text \<open>Horizon 2 turns the level gaps into comparabilities, and the cyclic symmetry of S then
makes the rows p and Suc p completely comparable.\<close>
lemma no_level_split:
  assumes "p < m" "\<exists>a<3. H a" "\<exists>a<3. \<not> H a"
    and gap: "\<And>a b. a < 3 \<Longrightarrow> b < 3 \<Longrightarrow> \<not> H a \<Longrightarrow> H b \<Longrightarrow> lvl (d (p,a)) + 2 \<le> lvl (d (Suc p,b))"
  shows False
proof -
  have "\<forall>a<3. \<forall>b<3. lt le (d (p,a)) (d (Suc p,b))"
  proof (rule cyclic_relation_total[where H = H])
    show "\<forall>a<3. lt le (d (p,a)) (d (Suc p,a))"
      using section_coords_step_lt[OF S_coords \<open>p < m\<close>] by blast
    show "\<forall>a<3. \<forall>b<3. lt le (d (p,a)) (d (Suc p,b)) \<longrightarrow> lt le (d (p,(a+1) mod 3)) (d (Suc p,(b+1) mod 3))"
      using section_coords_cyclic[OF S_coords] \<open>p < m\<close> by simp
    show "\<forall>a<3. \<forall>b<3. \<not> H a \<and> H b \<longrightarrow> lt le (d (p,a)) (d (Suc p,b))"
      using lvl_gap_imp_lt d_mem_P gap \<open>p < m\<close> by simp
  qed (use assms(2,3) in auto)
  with rows_not_all_lt \<open>p < m\<close> show False by blast
qed

lemma row_same_lvl:
  assumes "i \<le> m" "a < 3" "b < 3"
  shows "lvl (d (i,a)) = lvl (d (i,b))"
proof -
  have "\<not> lvl (d (i,a)) < lvl (d (i,b))" if "i \<le> m" "a < 3" "b < 3" for a b
  proof
    assume less: "lvl (d (i,a)) < lvl (d (i,b))"
    \<comment> \<open>The gap of two levels is found below row i, or above it for the last row.\<close>
    define H where "H c \<longleftrightarrow> lvl (d (i,a)) < lvl (d (i,c))" for c
    have split: "\<exists>c<3. H c" "\<exists>c<3. \<not> H c" using that less unfolding H_def by auto
    show False
    proof (cases "i < m")
      case True
      show False
      proof (rule no_level_split[OF True split])
        fix c c' assume "c < 3" "c' < 3" "\<not> H c" "H c'"
        then show "lvl (d (i,c)) + 2 \<le> lvl (d (Suc i,c'))"
          using lvl_step_less[OF True \<open>c' < 3\<close>] unfolding H_def by simp
      qed
    next
      case False
      with that m_pos have i: "i = Suc (m - 1)" "m - 1 < m" by simp_all
      show False
      proof (rule no_level_split[OF i(2) split])
        fix c c' assume "c < 3" "c' < 3" "\<not> H c" "H c'"
        then show "lvl (d (m - 1,c)) + 2 \<le> lvl (d (Suc (m - 1),c'))"
          using lvl_step_less[OF i(2) \<open>c < 3\<close>] i(1) unfolding H_def by simp
      qed
    qed
  qed
  with assms show ?thesis by (meson not_less_iff_gr_or_eq)
qed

======

Task brief ->
Show every line in the records above that contains the word "with".

Completed task ->
  with rows_not_all_lt \<open>p < m\<close> show False by blast
      with that m_pos have i: "i = Suc (m - 1)" "m - 1 < m" by simp_all
  with assms show ?thesis by (meson not_less_iff_gr_or_eq)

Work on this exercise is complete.